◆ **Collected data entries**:
(* Let $d\ge 1$, let $\Omega=\operatorname{diag}(\omega_j)_{j=1}^d\in\mathbb{R}^{d\times d}$ with $\omega_j> 0$ for all $j$, let $\omega=\min_j\omega_j$, and let $A\in\mathbb{C}^{d\times d}$ be self-adjoint. Let $0<h\le 1$ and let $\psi_1,\phi\colon\mathbb{R}\to\mathbb{R}$ be even functions such that $\psi_1(\xi)=\operatorname{sinc}(\xi)\phi(\xi)$ for all $\xi\in\mathbb{R}$ and, for constants $c_0,c_1\ge 0$, \[ |\psi_1(\xi)|\le c_0,\qquad |\phi(\xi)|\le c_0,\qquad |\phi(\xi)-1|\le c_1|\xi|\qquad\text{for all }\xi\in\mathbb{R}. \] Assume $\omega\ge \tfrac12 c_0^2\|A\|+1$. Set $\Psi_1=\psi_1(h\Omega)$, $\Phi=\phi(h\Omega)$. For given $q_0,\dot q_0\in\mathbb{C}^d$, define $(q_n,\dot q_n)_{n\ge 0}$ recursively by \begin{align*} q_{n+1} &= \cos(h\Omega) q_n + h\operatorname{sinc}(h\Omega) \dot{q}_n - \tfrac12 h^2 \operatorname{sinc}(h\Omega) \Psi_1 A\Phi q_n,\\ \dot{q}_{n+1} &= -\Omega \sin(h\Omega) q_n + \cos(h\Omega) \dot{q}_n - \tfrac12 h \big( \cos(h\Omega) \Psi_1 A\Phi q_n + \Psi_1 A\Phi q_{n+1}\big), \end{align*} and let $H(q,\dot q)=\tfrac12 \|\Omega q\|^2 + \tfrac12 \|\dot{q}\|^2 + \tfrac12 q^*Aq$. Then \[ \big|H(q_n,\dot{q}_n) - H(q_0,\dot{q}_0)\big| \le C \min\big(h,\omega^{-1}\big) + C h^2 \qquad\text{for all } n\in\mathbb{N}, \] with a constant $C$ depending only on $c_0$, $c_1$, $\|A\|$, $\|\Omega q_0\|$ and $\|\dot{q}_0\|$.
   Context: $\|\cdot\|$ is the Euclidean norm on $\mathbb{C}^d$ and, for matrices, the induced operator norm; ${}^*$ denotes conjugate transpose. $\operatorname{sinc}(\xi)=\sin(\xi)/\xi$ for $\xi\ne0$ and $\operatorname{sinc}(0)=1$. For a function $f\colon\mathbb{R}\to\mathbb{R}$, $f(h\Omega)$ denotes the diagonal matrix $\operatorname{diag}(f(h\omega_j))_{j=1}^d$. *)

theory Defs
  imports "HOL-Analysis.Analysis"
begin

text \<open>Vectors in C^d are represented as functions nat => complex (only indices < d matter),
  d x d matrices as nat => nat => complex, and the diagonal matrix Omega by its diagonal
  w :: nat => real.\<close>

definition sinc :: "real \<Rightarrow> real" where
  "sinc x = (if x = 0 then 1 else sin x / x)"

definition vnorm :: "nat \<Rightarrow> (nat \<Rightarrow> complex) \<Rightarrow> real" where
  "vnorm d v = sqrt (\<Sum>j<d. (cmod (v j))\<^sup>2)"

definition matvec :: "nat \<Rightarrow> (nat \<Rightarrow> nat \<Rightarrow> complex) \<Rightarrow> (nat \<Rightarrow> complex) \<Rightarrow> (nat \<Rightarrow> complex)" where
  "matvec d A v = (\<lambda>i. \<Sum>j<d. A i j * v j)"

definition opnorm :: "nat \<Rightarrow> (nat \<Rightarrow> nat \<Rightarrow> complex) \<Rightarrow> real" where
  "opnorm d A = Sup {vnorm d (matvec d A v) | v. vnorm d v \<le> 1}"

definition selfadjoint :: "nat \<Rightarrow> (nat \<Rightarrow> nat \<Rightarrow> complex) \<Rightarrow> bool" where
  "selfadjoint d A \<longleftrightarrow> (\<forall>i<d. \<forall>j<d. A i j = cnj (A j i))"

◆ **What to produce**:
One stretch of the lines above is wanted, from the line that contains "Context: $\|\cdot\|$ is" through the line that contains "text \<open>Vectors in". Output it exactly.

◆ **Result for this task**:
   Context: $\|\cdot\|$ is the Euclidean norm on $\mathbb{C}^d$ and, for matrices, the induced operator norm; ${}^*$ denotes conjugate transpose. $\operatorname{sinc}(\xi)=\sin(\xi)/\xi$ for $\xi\ne0$ and $\operatorname{sinc}(0)=1$. For a function $f\colon\mathbb{R}\to\mathbb{R}$, $f(h\Omega)$ denotes the diagonal matrix $\operatorname{diag}(f(h\omega_j))_{j=1}^d$. *)

theory Defs
  imports "HOL-Analysis.Analysis"
begin

text \<open>Vectors in C^d are represented as functions nat => complex (only indices < d matter),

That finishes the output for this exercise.